David C. Robson, Principal, Robson Advisors07.26.18
Introducing a product involves myriad best guesses and estimations. There is often no way to adequately know everything in advance of release. A design team can conduct research and user evaluations and follow best practices to anticipate user needs, features, manufacturing plans, business cases, and regulatory concerns. But those results are always imperfect and, after time in the market, often reveal a somewhat “misbalanced” solution.
Most entrepreneurs prefer to leave the new product configuration alone so the company can begin to recoup its investment. After all, years of effort have been invested with hundreds of thousands or millions of dollars. Investors are eager to see returns, and development fatigue can pervade the organization. However, it is better to immediately start design refinement once real-field experiences and reports arrive and a company senses business success.
Once a product has been introduced and gains a following, the company starts collecting feedback and finding items that didn’t work as intended. This may bring the decision to develop and release a revision largely similar to the original, with a series of improvements and enhancements.
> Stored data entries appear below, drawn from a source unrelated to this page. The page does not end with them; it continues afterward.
lemma theta_feasible_pullback:
  assumes f: "bij_betw f {..<n} {..<n}" and hom: "\<forall>i<n. \<forall>j<n. G i j \<longrightarrow> H (f i) (f j)"
    and B: "theta_feasible n H B"
  defines "B' \<equiv> mat n n (\<lambda>(i,j). B $$ (f i, f j))"
  shows "theta_feasible n G B'" and "entry_sum n B' = entry_sum n B"
proof -
  have Bpsd: "B \<in> carrier_mat n n" "symmetric_on n (\<lambda>i j. B $$ (i,j))"
      "nonneg_form n (\<lambda>i j. B $$ (i,j))"
    and tr: "(\<Sum>i<n. B $$ (i,i)) = 1"
    and edges: "\<And>i j. i < n \<Longrightarrow> j < n \<Longrightarrow> H i j \<Longrightarrow> B $$ (i,j) = 0"
    using B mat_trace_carrier unfolding theta_feasible_def psd_iff_nonneg_form by auto
  have fn: "f i < n" if "i < n" for i using f that by (auto simp: bij_betw_def)
  have reindex: "(\<Sum>i<n. \<phi> (f i)) = (\<Sum>k<n. \<phi> k)" for \<phi> :: "nat \<Rightarrow> real"
    by (rule sum.reindex_bij_betw[OF f])
  define g where "g = inv_into {..<n} f"
  have gf: "g (f i) = i" if "i < n" for i
    using f that unfolding g_def bij_betw_def by (simp add: inv_into_f_f)
  have "nonneg_form n (\<lambda>i j. B' $$ (i,j))"
    unfolding nonneg_form_def
  proof
    fix v :: "nat \<Rightarrow> real"
    have "(\<Sum>i<n. \<Sum>j<n. v i * B' $$ (i,j) * v j)
        = (\<Sum>i<n. \<Sum>j<n. v (g (f i)) * B $$ (f i, f j) * v (g (f j)))"
      by (intro sum.cong refl) (simp add: B'_def gf)
    also have "\<dots> = (\<Sum>k<n. \<Sum>j<n. v (g k) * B $$ (k, f j) * v (g (f j)))"
      by (rule reindex)
    also have "\<dots> = (\<Sum>k<n. \<Sum>l<n. v (g k) * B $$ (k,l) * v (g l))"
      by (intro sum.cong refl reindex)
    finally show "0 \<le> (\<Sum>i<n. \<Sum>j<n. v i * B' $$ (i,j) * v j)"
      using nonneg_formD[OF Bpsd(3)] by simp
  qed
  moreover have "symmetric_on n (\<lambda>i j. B' $$ (i,j))"
    using Bpsd(2) fn unfolding symmetric_on_def B'_def by simp
  moreover have "mat_trace B' = 1"
    using tr reindex[of "\<lambda>k. B $$ (k,k)"] by (simp add: mat_trace_carrier[of _ n] B'_def)
  moreover have "B' $$ (i,j) = 0" if "i < n" "j < n" "G i j" for i j
    using edges[OF fn fn] hom that by (simp add: B'_def)
  ultimately show "theta_feasible n G B'"
    unfolding theta_feasible_def psd_iff_nonneg_form B'_def by auto
  have "entry_sum n B' = (\<Sum>i<n. \<Sum>j<n. B $$ (f i, f j))"
    unfolding entry_sum_def B'_def by simp
  also have "\<dots> = (\<Sum>k<n. \<Sum>j<n. B $$ (k, f j))" by (rule reindex)
  also have "\<dots> = entry_sum n B" unfolding entry_sum_def by (intro sum.cong refl reindex)
  finally show "entry_sum n B' = entry_sum n B" .
qed

lemma isomorphic_sym:
  assumes "isomorphic n G H"
  shows "isomorphic n H G"
proof -
  obtain f where f: "bij_betw f {0..<n} {0..<n}" and iff: "\<forall>i<n. \<forall>j<n. G i j \<longleftrightarrow> H (f i) (f j)"
    using assms unfolding isomorphic_def by blast
  define g where "g = inv_into {0..<n} f"
  have g: "bij_betw g {0..<n} {0..<n}" unfolding g_def by (rule bij_betw_inv_into[OF f])
  have "H i j \<longleftrightarrow> G (g i) (g j)" if "i < n" "j < n" for i j
  proof -
    have "g i < n" "g j < n" "f (g i) = i" "f (g j) = j"
      using g f that unfolding g_def by (auto simp: bij_betw_def f_inv_into_f)
    then show ?thesis using iff by metis
  qed
  then show ?thesis unfolding isomorphic_def using g by blast
qed

lemma isomorphic_lovasz_theta:
  assumes "isomorphic n G H"
  shows "lovasz_theta n G = lovasz_theta n H"
proof -
  have values_sub: "entry_sum n ` {B. theta_feasible n H' B} \<subseteq> entry_sum n ` {B. theta_feasible n G' B}"
    if iso: "isomorphic n G' H'" for G' H'
  proof
    fix t assume "t \<in> entry_sum n ` {B. theta_feasible n H' B}"
    then obtain B where B: "theta_feasible n H' B" "t = entry_sum n B" by blast
    obtain f where f: "bij_betw f {..<n} {..<n}" "\<forall>i<n. \<forall>j<n. G' i j \<longrightarrow> H' (f i) (f j)"
      using iso unfolding isomorphic_def atLeast0LessThan by blast
    show "t \<in> entry_sum n ` {B. theta_feasible n G' B}"
      using theta_feasible_pullback[OF f B(1)] B(2) by (intro image_eqI) auto
  qed
  have "entry_sum n ` {B. theta_feasible n G B} = entry_sum n ` {B. theta_feasible n H B}"
    using values_sub[OF isomorphic_sym[OF assms]] values_sub[OF assms] by (rule subset_antisym)
  then show ?thesis unfolding lovasz_theta_eq_Sup by simp
qed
Generally, these aren’t intended to change the clinical treatment or indications for use. This “second-generation” design solution allows the company to rebalance the product’s configuration, enabling it to be more successful.
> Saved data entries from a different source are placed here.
section \<open>The spectral theorem for real symmetric matrices\<close>

text \<open>If the quadratic polynomial 2 t b + t^2 c is nowhere positive, its linear coefficient
  vanishes. This is the first-order condition satisfied by a maximiser of a quadratic form.\<close>
lemma linear_coeff_zero_if_nonpos:
  fixes b c :: real
  assumes "\<And>t. 2*t*b + t^2*c \<le> 0"
  shows "b = 0"
proof (rule ccontr)
  assume "b \<noteq> 0"
  define k where "k = \<bar>c\<bar> + 1"
  have k: "k > 0" unfolding k_def by linarith
  define t where "t = b / k"
  have "-1 < c/k" using k by (simp add: less_divide_eq k_def)
  then have "(b^2/k) * (2 + c/k) > 0" using \<open>b \<noteq> 0\<close> k by (intro mult_pos_pos) auto
  moreover have "2*t*b + t^2*c = (b^2/k) * (2 + c/k)"
    using k unfolding t_def power2_eq_square by (simp add: divide_simps) (simp add: algebra_simps)
  ultimately show False using assms[of t] by linarith
qed

lemma rayleigh_maximiser_eigenvector:
  fixes M :: "real^'n^'n"
  assumes sym: "transpose M = M" and S: "subspace S" and inv: "\<And>x. x \<in> S \<Longrightarrow> M *v x \<in> S"
    and x: "x \<in> S" "norm x = 1"
    and max: "\<And>y. y \<in> S \<Longrightarrow> norm y = 1 \<Longrightarrow> y \<bullet> (M *v y) \<le> x \<bullet> (M *v x)"
  shows "M *v x = (x \<bullet> (M *v x)) *\<^sub>R x"
proof -
  define l where "l = x \<bullet> (M *v x)"
  have xx: "x \<bullet> x = 1" using x(2) by (simp add: norm_eq_1)
  text \<open>M x is orthogonal to every direction y in S orthogonal to x: perturb x along y.\<close>
  have orth: "y \<bullet> (M *v x) = 0" if y: "y \<in> S" "y \<bullet> x = 0" for y
  proof (rule linear_coeff_zero_if_nonpos)
    fix t :: real
    define z where "z = x + t *\<^sub>R y"
    have zS: "z \<in> S" unfolding z_def using S x y by (simp add: subspace_add subspace_scale)
    have zz: "z \<bullet> z = 1 + t^2 * (y \<bullet> y)"
      unfolding z_def using xx y(2) by (simp add: algebra_simps inner_commute power2_eq_square)
    then have "z \<bullet> z > 0" by (simp add: add_pos_nonneg)
    then have nz: "norm z > 0" by simp
    have "((1 / norm z) *\<^sub>R z) \<bullet> (M *v ((1 / norm z) *\<^sub>R z)) \<le> l"
      unfolding l_def using zS nz S by (intro max) (simp_all add: subspace_scale)
    then have "z \<bullet> (M *v z) \<le> l * (norm z)^2"
      using nz by (simp add: matrix_vector_mult_scaleR power2_eq_square divide_le_eq)
    then have le: "z \<bullet> (M *v z) \<le> l * (1 + t^2 * (y \<bullet> y))"
      by (simp add: power2_norm_eq_inner zz)
    have "x \<bullet> (M *v y) = y \<bullet> (M *v x)"
      using symmetric_inner_swap[OF sym, of x y] by (simp add: inner_commute)
    then have "z \<bullet> (M *v z) = l + 2*t*(y \<bullet> (M *v x)) + t^2 * (y \<bullet> (M *v y))"
      unfolding z_def l_def
      by (simp add: algebra_simps power2_eq_square)
    with le show "2*t*(y \<bullet> (M *v x)) + t^2*(y \<bullet> (M *v y) - l * (y \<bullet> y)) \<le> 0"
      by (simp add: algebra_simps)
  qed
  define w where "w = M *v x - l *\<^sub>R x"
  have wS: "w \<in> S" unfolding w_def using S x inv by (simp add: subspace_diff subspace_scale)
  have "x \<bullet> w = 0" unfolding w_def l_def using xx by (simp add: inner_diff_right)
  then have wx: "w \<bullet> x = 0" by (simp add: inner_commute)
  have "w \<bullet> w = w \<bullet> (M *v x) - l * (w \<bullet> x)" unfolding w_def by (simp add: inner_diff_right)
  also have "\<dots> = 0" using orth[OF wS wx] wx by simp
  finally show ?thesis unfolding w_def l_def by simp
qed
A second-generation development effort can elicit big benefits, solidify a company’s future, keep competitors at bay, and improve “design balance.” First-generation devices should “prove clinical and market potential.” The second generation focuses on “scaled production and profit generation.” These priorities aren’t the same and generally can’t be combined in one design solution.
There are two ways to examine and justify second-generation development: things to fix from a compromise-laden and often resource-constrained first-generation solution and things to overtly improve in the second-generation configuration. These are effectively two sides of the same coin, but the topic is better considered by distinguishing between them.
Product design should always focus on striking the “best” balance between competing and conflicting priorities and objectives. But when a company introduces a new-to-market product, there are pressures limiting the ability to embody the ideally balanced solution:
Funding constraints and other existential threats. If a company runs out of money before release, the product and perhaps the company cease to exist. For startup companies especially, the best balance for a first-generation solution is “get to revenue!” Everything else can wait. Once revenue is produced, a company should ideally be able to fund the second-generation solution, which is better for long-term success.
Unclear and unknown user needs and patterns. Even with disciplined field observation and user evaluation, it isn’t easy to anticipate how users will interact with a product or potential secondary and tertiary procedural adaptations to a new device. A device succeeding in its primary function may benefit from adjustments allowing further savings of procedure time or perhaps information being collected. For instance, a battery-powered instrument may enable remote treatment instead of a hospital visit.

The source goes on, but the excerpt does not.